Thread (25 messages) 25 messages, 7 authors, 2016-11-06

Re: [PATCH 0/3] iopmem : A block device for PCIe memory

From: Dave Chinner <david@fromorbit.com>
Date: 2016-10-25 21:19:10
Also in: linux-mm, linux-rdma, lkml, nvdimm

On Tue, Oct 25, 2016 at 05:50:43AM -0600, Stephen Bates wrote:
Hi Dave and Christoph

On Fri, Oct 21, 2016 at 10:12:53PM +1100, Dave Chinner wrote:
quoted
On Fri, Oct 21, 2016 at 02:57:14AM -0700, Christoph Hellwig wrote:
quoted
On Fri, Oct 21, 2016 at 10:22:39AM +1100, Dave Chinner wrote:
quoted
You do realise that local filesystems can silently change the
location of file data at any point in time, so there is no such
thing as a "stable mapping" of file data to block device addresses
in userspace?

If you want remote access to the blocks owned and controlled by a
filesystem, then you need to use a filesystem with a remote locking
mechanism to allow co-ordinated, coherent access to the data in
those blocks.

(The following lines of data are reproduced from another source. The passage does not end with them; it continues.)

lemma hypercube_edge_in_lift:
  assumes "e \<in> edges (hypercube (length cols))"
  shows "\<exists>K\<in>lifts. e \<in> edges K"
proof -
  from assms obtain u w where e: "e = {u, w}" and u: "length u = length cols"
    and "length w = length cols" "hamming u w = 1"
    by auto
  then obtain d where d: "d < length cols" and w: "w = flip u d"
    using hamming_eq_1_imp_flip by metis
  let ?c = "cols ! d"
  have "syndrome cols u < 2 ^ m"
    using syndrome_less cols_less by blast
  with d have "(d, {syndrome cols u, xor (syndrome cols u) ?c}) \<in> step_label cols ` steps W"
    using cayley_edges_subset unfolding cayley_edges_def by blast
  then obtain \<sigma> ds j where pat: "(\<sigma>, ds) \<in> set W" and j: "j < length ds" and dj: "ds ! j = d"
    and label: "{cayley_walk cols \<sigma> ds j, cayley_walk cols \<sigma> ds (Suc j)}
                  = {syndrome cols u, xor (syndrome cols u) ?c}"
    by (auto simp: steps_def)
  obtain x where x: "length x = length cols" "e = {x, flip x d}"
    "syndrome cols x = cayley_walk cols \<sigma> ds j"
  proof (cases "cayley_walk cols \<sigma> ds j = syndrome cols u")
    case True
    then show thesis using that[of u] u e w by simp
  next
    case False
    then have "cayley_walk cols \<sigma> ds j = xor (syndrome cols u) ?c"
      using label by (auto simp: doubleton_eq_iff)
    then show thesis
      using that[of "flip u d"] u e w d by (simp add: syndrome_flip insert_commute)
  qed
  define v where "v = walk x ds j"
  have v: "length v = length cols" "syndrome cols v = \<sigma>"
    using x pattern_less[OF pat] by (simp_all add: v_def syndrome_walk)
  have "walk v ds j = x" "walk v ds (Suc j) = flip x d"
    using distinct_pattern[OF pat] j dj by (simp_all add: v_def walk_Suc)
  then have "e \<in> edges (mapped_path (walk v ds) (length ds))"
    using x(2) j by auto
  moreover have "mapped_path (walk v ds) (length ds) \<in> lifts"
    using pat v unfolding lifts_def by blast
  ultimately show ?thesis by blast
qed

theorem path_graph_divides_hypercube: "graph_divides (path_graph k) (hypercube (length cols))"
  unfolding graph_divides_def
proof (intro exI conjI)
  show "\<forall>K\<in>lifts. subgraph K (hypercube (length cols)) \<and> graph_iso (path_graph k) K"
    using lift_subgraph_iso by blast
  show "\<forall>K\<in>lifts. \<forall>K'\<in>lifts. K \<noteq> K' \<longrightarrow> edges K \<inter> edges K' = {}"
    using lifts_edge_disjoint by blast
  show "\<Union> (edges ` lifts) = edges (hypercube (length cols))"
    using lift_subgraph_iso hypercube_edge_in_lift unfolding subgraph_def by blast
qed

end

definition pattern_labels :: "nat list \<Rightarrow> pattern \<Rightarrow> (nat \<times> nat set) list" where
  "pattern_labels cols p = map (\<lambda>i. step_label cols (p, i)) [0..<length (snd p)]"

lemma set_concat_pattern_labels:
  "set (concat (map (pattern_labels cols) W)) = step_label cols ` steps W"
  by (auto simp: pattern_labels_def steps_def)

lemma inj_on_step_label_if_distinct:
  "distinct (concat (map (pattern_labels cols) W)) \<Longrightarrow> inj_on (step_label cols) (steps W)"
proof (induction W)
  case Nil
  then show ?case by (simp add: steps_def)
next
  case (Cons p W)
  have "steps (p # W) = {p} \<times> {..<length (snd p)} \<union> steps W"
    by (auto simp: steps_def)
  moreover have "inj_on (step_label cols) ({p} \<times> {..<length (snd p)})"
    using Cons.prems by (auto simp: pattern_labels_def distinct_map inj_on_def)
  moreover have "step_label cols ` ({p} \<times> {..<length (snd p)}) = set (pattern_labels cols p)"
    by (auto simp: pattern_labels_def)
  then have "step_label cols ` ({p} \<times> {..<length (snd p)}) \<inter> step_label cols ` steps W = {}"
    using Cons.prems set_concat_pattern_labels[of cols W] by simp
  ultimately show ?case
    using Cons by (auto simp: inj_on_Un)
qed

lemma cayley_edges_eq_set:
  "cayley_edges cols m = set [(d, {\<sigma>, xor \<sigma> (cols ! d)}). d \<leftarrow> [0..<length cols], \<sigma> \<leftarrow> [0..<2 ^ m]]"
  by (auto simp: cayley_edges_def)

lemma path_liftingI:
  assumes "\<forall>c\<in>set cols. c \<noteq> 0 \<and> c < 2 ^ m"
    and "\<forall>(\<sigma>, ds)\<in>set W. length ds = k \<and> distinct ds \<and> (\<forall>d\<in>set ds. d < length cols)"
    and "distinct (concat (map (pattern_labels cols) W))"
    and "set [(d, {\<sigma>, xor \<sigma> (cols ! d)}). d \<leftarrow> [0..<length cols], \<sigma> \<leftarrow> [0..<2 ^ m]]
           \<subseteq> set (concat (map (pattern_labels cols) W))"
  shows "path_lifting cols m k W"
proof -
  have "cayley_edges cols m \<subseteq> step_label cols ` steps W"
    using assms(4) by (simp only: cayley_edges_eq_set set_concat_pattern_labels)
  with assms(1,2) inj_on_step_label_if_distinct[OF assms(3)] show ?thesis
    by unfold_locales fastforce+
qed

definition cols5 :: "nat list" where "cols5 = [1, 2, 4, 3, 5]"
definition patterns5 :: "pattern list" where
  "patterns5 = [(6, [1, 2, 4, 3]), (0, [0, 1, 2, 3]), (1, [3, 0, 4, 2]), (7, [1, 2, 4, 0]),
    (3, [3, 1, 4, 0])]"

definition cols7 :: "nat list" where "cols7 = [1, 2, 3, 4, 5, 6, 7]"
definition patterns7 :: "pattern list" where
  "patterns7 = [(6, [6, 3, 0, 4]), (7, [3, 2, 5, 1]), (3, [6, 2, 4, 1]), (1, [2, 3, 4, 0]),
    (1, [5, 1, 4, 6]), (4, [3, 0, 1, 5]), (7, [0, 2, 6, 5])]"

definition cols9 :: "nat list" where "cols9 = [1, 2, 4, 8, 3, 5, 6, 9, 10]"
definition patterns9 :: "pattern list" where
  "patterns9 = [(15, [0, 2, 5, 8, 1, 7, 4, 6]), (7, [6, 8, 0, 3, 2, 1, 4, 5]),
    (1, [3, 8, 0, 4, 7, 2, 6, 1]), (4, [6, 8, 5, 1, 3, 2, 7, 4]), (13, [7, 8, 5, 4, 3, 0, 1, 6]),
    (14, [3, 0, 8, 2, 6, 7, 4, 5]), (5, [0, 2, 6, 5, 4, 1, 7, 3]), (12, [7, 3, 0, 4, 2, 1, 5, 8]),
    (5, [2, 5, 3, 1, 6, 0, 7, 8])]"
lemma inj_on_list_update:
  assumes "\<forall>w\<in>A. j < length w \<and> w ! j = a"
  shows "inj_on (\<lambda>(w, u). w[j := u]) (SIGMA w:A. C w)"
proof (rule inj_onI, clarify)
  fix w u w' u' assume "w \<in> A" "w' \<in> A" and eq: "w[j := u] = w'[j := u']"
  then have "(w[j := u])[j := a] = (w'[j := u'])[j := a]" by simp
  with assms \<open>w \<in> A\<close> \<open>w' \<in> A\<close> have "w = w'" by (metis list_update_id list_update_overwrite)
  moreover have "w[j := u] ! j = w'[j := u'] ! j" using eq by simp
  then have "u = u'" using assms \<open>w \<in> A\<close> \<open>w' \<in> A\<close> by simp
  ultimately show "w = w' \<and> u = u'" by simp
qed

lemma tight_reach_nth:
  assumes "r_graph r V E" "z \<in> oriented_edges r E" "j < r"
    and "(z, w) \<in> tight_step r E ^^ j" "drop j w = drop j z"
  shows "w \<in> oriented_edges r E" "j < length w" "w ! j = z ! j"
proof -
  show w: "w \<in> oriented_edges r E" using relpow_closed[OF tight_step_subset assms(2,4)] .
  have "length w = r" "length z = r" using oriented_edgeD(1)[OF assms(1)] w assms(2) by auto
  then show "j < length w" "w ! j = z ! j"
    using assms(3,5) by (metis nth_drop add_0_right less_imp_le)+
qed

lemma tight_reach_list_update:
  assumes "r_graph r V E" "z \<in> oriented_edges r E" "j < r"
    and "(z, w) \<in> tight_step r E ^^ j" "drop j w = drop j z"
    and "u \<notin> set w - {w ! j}" "insert u (set w - {w ! j}) \<in> E"
  shows "(z, w[j := u]) \<in> tight_step r E ^^ Suc j" "drop (Suc j) (w[j := u]) = drop (Suc j) z"
proof -
  have "w \<in> oriented_edges r E" using tight_reach_nth(1)[OF assms(1-5)] .
  then have "(w, w[j := u]) \<in> tight_step r E" using assms by (intro tight_step_list_update) auto
  then show "(z, w[j := u]) \<in> tight_step r E ^^ Suc j" using assms(4) by auto
  have "drop (Suc j) (w[j := u]) = drop 1 (drop j w)" by simp
  also have "\<dots> = drop (Suc j) z" using assms(5) by simp
  finally show "drop (Suc j) (w[j := u]) = drop (Suc j) z" .
qed

lemma codegree_at_least_oriented_edge:
  assumes "r_graph r V E" "codegree_at_least c E" "w \<in> oriented_edges r E" "j < r"
  shows "c \<le> real (codegree E (set w - {w ! j}))"
proof -
  have "set w \<in> E" "w ! j \<in> set w" using oriented_edgeD(1,2)[OF assms(1,3)] assms(4) by auto
  then show ?thesis using assms(2) unfolding codegree_at_least_def by blast
qed

lemma finite_extensions:
  assumes "r_graph r V E"
  shows "finite {u. u \<notin> S \<and> insert u S \<in> E}"
proof (rule finite_subset)
  show "{u. u \<notin> S \<and> insert u S \<in> E} \<subseteq> V" using assms unfolding r_graph_def by blast
  show "finite V" using assms unfolding r_graph_def by blast
qed

text \<open>Fixing the coordinates from j on makes the map (w, u) \<mapsto> w[j := u] injective, and every
  w has at least c choices of the new vertex u by the codegree condition.\<close>
lemma card_tight_reach_ge:
  assumes rg: "r_graph r V E" and deg: "codegree_at_least c E" and "0 \<le> c"
    and z: "z \<in> oriented_edges r E"
  shows "j \<le> r \<Longrightarrow> c ^ j \<le> real (card {w. (z, w) \<in> tight_step r E ^^ j \<and> drop j w = drop j z})"
proof (induction j)
  case 0
  have "{w. (z, w) \<in> tight_step r E ^^ 0 \<and> drop 0 w = drop 0 z} = {z}" by auto
  then show ?case by simp
next
  case (Suc j)
  let ?R = "tight_step r E"
  define A where "A = {w. (z, w) \<in> ?R ^^ j \<and> drop j w = drop j z}"
  define B where "B = {w. (z, w) \<in> ?R ^^ Suc j \<and> drop (Suc j) w = drop (Suc j) z}"
  define C where "C w = {u. u \<notin> set w - {w ! j} \<and> insert u (set w - {w ! j}) \<in> E}" for w
  have j: "j < r" using Suc.prems by simp
  have A_OE: "A \<subseteq> oriented_edges r E" and A_nth: "\<forall>w\<in>A. j < length w \<and> w ! j = z ! j"
    using tight_reach_nth[OF rg z j] unfolding A_def by blast+
  have B_OE: "B \<subseteq> oriented_edges r E"
    using relpow_closed[OF tight_step_subset z] unfolding B_def by blast
  have fin_OE: "finite (oriented_edges r E)" using finite_oriented_edges[OF rg] .
  have C_ge: "c \<le> real (card (C w))" if "w \<in> A" for w
    using codegree_at_least_oriented_edge[OF rg deg _ j] A_OE that
    unfolding C_def codegree_def by blast
  have fin_C: "finite (C w)" for w
    unfolding C_def using finite_extensions[OF rg] .
  have "(\<lambda>(w, u). w[j := u]) ` (SIGMA w:A. C w) \<subseteq> B"
  proof clarify
    fix w u assume "w \<in> A" "u \<in> C w"
    then show "w[j := u] \<in> B"
      using tight_reach_list_update[OF rg z j, of w u] unfolding A_def B_def C_def by simp
  qed
  then have "card ((\<lambda>(w, u). w[j := u]) ` (SIGMA w:A. C w)) \<le> card B"
    using B_OE fin_OE by (intro card_mono) (auto intro: finite_subset)
  then have SB: "card (SIGMA w:A. C w) \<le> card B"
    by (simp add: card_image[OF inj_on_list_update[OF A_nth]])
  have "c ^ Suc j = c ^ j * c" by simp
  also have "\<dots> \<le> real (card A) * c"
    using Suc \<open>0 \<le> c\<close> unfolding A_def by (intro mult_right_mono) simp_all
  also have "\<dots> \<le> real (card (SIGMA w:A. C w))"
    using finite_subset[OF A_OE fin_OE] fin_C C_ge by (simp add: sum_bounded_below)
  also have "\<dots> \<le> real (card B)" using SB by simp
  finally show ?case unfolding B_def .
qed

lemma relpow_path_segment:
  assumes "\<forall>i<k. (f i, f (Suc i)) \<in> R" "a \<le> b" "b \<le> k"
  shows "(f a, f b) \<in> R ^^ (b - a)"
  unfolding relpow_fun_conv using assms by (intro exI[of _ "\<lambda>i. f (a + i)"]) auto

text \<open>A common point of the two balls would shortcut the path by a detour of length 2d.\<close>
lemma shortest_path_balls_disjoint:
  assumes "sym R" and path: "\<forall>i<k. (f i, f (Suc i)) \<in> R"
    and shortest: "\<forall>m. (f 0, f k) \<in> R ^^ m \<longrightarrow> k \<le> m"
    and "a + 2 * d < b" "b \<le> k"
  shows "(R ^^ d) `` {f a} \<inter> (R ^^ d) `` {f b} = {}"
proof (rule ccontr)
  assume "(R ^^ d) `` {f a} \<inter> (R ^^ d) `` {f b} \<noteq> {}"
  then obtain w where "(f a, w) \<in> R ^^ d" "(f b, w) \<in> R ^^ d" by blast
  then have "(f a, w) \<in> R ^^ d" "(w, f b) \<in> R ^^ d"
    using sym_relpow[OF \<open>sym R\<close>] by (auto dest: symD)
  moreover have "(f 0, f a) \<in> R ^^ a" using relpow_path_segment[OF path, of 0 a] assms(4,5) by simp
  moreover have "(f b, f k) \<in> R ^^ (k - b)" using relpow_path_segment[OF path, of b k] assms(5) by simp
  ultimately have "(f 0, f k) \<in> R ^^ (a + (d + (d + (k - b))))"
    unfolding relpow_add by blast
  then show False using shortest assms(4,5) by auto
qed
(* For any values of $k$, $\mu$, and $\nu$, \[ \,_{3}F_{4}\left(\tfrac{1}{2},\tfrac{\mu}{2}+\tfrac{\nu}{2}+\tfrac{1}{2},\tfrac{\mu}{2}+\tfrac{\nu}{2}+1;1,\mu+1,\nu+1,\mu+\nu+1;-k^{2}\right) = 2^{\mu+\nu}\Gamma(\mu+1)\Gamma(\nu+1)\sum_{L=0}^{\infty}\frac{(-1)^{2L}k^{4L}2^{-8L-\mu-\nu}\left(2-\delta_{L0}\right)}{(L!)^{2}\Gamma(L+\mu+1)\Gamma(L+\nu+1)} \,_{1}F_{2}\left(L+\tfrac{1}{2};2L+1,L+\mu+1;-\tfrac{k^{2}}{4}\right)\,_{1}F_{2}\left(L+\tfrac{1}{2};2L+1,L+\nu+1;-\tfrac{k^{2}}{4}\right). \]
   Context: $\,_{p}F_{q}(a_1,\dots,a_p;b_1,\dots,b_q;z)=\sum_{n\ge0}\frac{(a_1)_n\cdots(a_p)_n}{(b_1)_n\cdots(b_q)_n}\frac{z^n}{n!}$ is the generalized hypergeometric function, with $(c)_n=\Gamma(c+n)/\Gamma(c)$ the Pochhammer symbol. $\delta_{L0}$ is the Kronecker delta (equal to $1$ if $L=0$ and $0$ otherwise). *)

theory Defs
  imports "HOL-Analysis.Analysis"
begin

definition hypergeom :: "complex list \<Rightarrow> complex list \<Rightarrow> complex \<Rightarrow> complex" where
  "hypergeom as bs z =
     (\<Sum>n. (\<Prod>a\<leftarrow>as. pochhammer a n) / (\<Prod>b\<leftarrow>bs. pochhammer b n) * z ^ n / fact n)"

definition kdelta :: "nat \<Rightarrow> nat \<Rightarrow> complex" where
  "kdelta i j = (if i = j then 1 else 0)"

end

theory Submission
  imports Defs
begin

text \<open>
  Put w = k^2. Expanding both 1F2 factors turns the right-hand side into a triple series over
  (L, i, j) whose terms are multiples of w^(2L+i+j); it converges absolutely since
  1/|(c)_n| = O(2^n/n!). Collect the terms of degree N and write a = L + i, b = L + j.
  The sum over L is then a Vandermonde convolution of the rows 2a and 2b of Pascal's triangle,
  folded at the centre (this is where the weight 2 - \<delta>(L,0) comes from), and equals
  binom(2N, N). The remaining sum over a is the Chu-Vandermonde identity for rising factorials,
  and by Legendre's duplication formula the result is the N-th term of the 3F4 series.
\<close>

lemma pochhammer_half:
  "pochhammer (1/2 :: 'a::field_char_0) n = fact (2*n) / (4^n * fact n)"
proof -
  have "(2::'a) ^ (2*n) = 4^n"
    by (simp add: power_mult)
  then show ?thesis
    using fact_double[of n, where 'a='a] by (simp add: field_simps)
qed

lemma pochhammer_nonzero:
  "(c :: 'a::field_char_0) \<notin> \<int>\<^sub>\<le>\<^sub>0 \<Longrightarrow> pochhammer c n \<noteq> 0"
  using pochhammer_eq_0_imp_nonpos_Int by blast

lemma pochhammer_half_shift_ratio:
  "pochhammer (of_nat L + 1/2 :: 'a::field_char_0) i / pochhammer (2 * of_nat L + 1) i
     = of_nat ((2*(L+i)) choose (2*L+i)) * fact L * fact i / (4^i * fact (L+i))"
proof -
  have half: "pochhammer (1/2 :: 'a) (L+i) = pochhammer (1/2) L * pochhammer (of_nat L + 1/2) i"
    by (simp add: pochhammer_product' add.commute)
  have odd: "fact (2*L+i) = (fact (2*L) :: 'a) * pochhammer (2 * of_nat L + 1) i"
    using pochhammer_product'[of "1::'a" "2*L" i] by (simp add: pochhammer_fact add.commute)
  have binom: "(of_nat ((2*(L+i)) choose (2*L+i)) :: 'a) = fact (2*(L+i)) / (fact (2*L+i) * fact i)"
    by (subst binomial_fact) (auto simp: algebra_simps)
  have "pochhammer (1/2 :: 'a) L \<noteq> 0"
    by (simp add: pochhammer_half)
  moreover have "fact (2*L+i) \<noteq> (0::'a)"
    by simp
  ultimately show ?thesis
    using half unfolding binom odd by (simp add: pochhammer_half field_simps power_add)
qed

Anything else is just asking for ongoing, unfixable
filesystem corruption or data leakage problems (i.e.  security
issues).
Dave are you saying that even for local mappings of files on a DAX
capable system it is possible for the mappings to move on you unless
the FS supports locking?
Yes.
Does that not mean DAX on such FS is
inherently broken?
No. DAX is accessed through a virtual mapping layer that abstracts
the physical location from userspace applications.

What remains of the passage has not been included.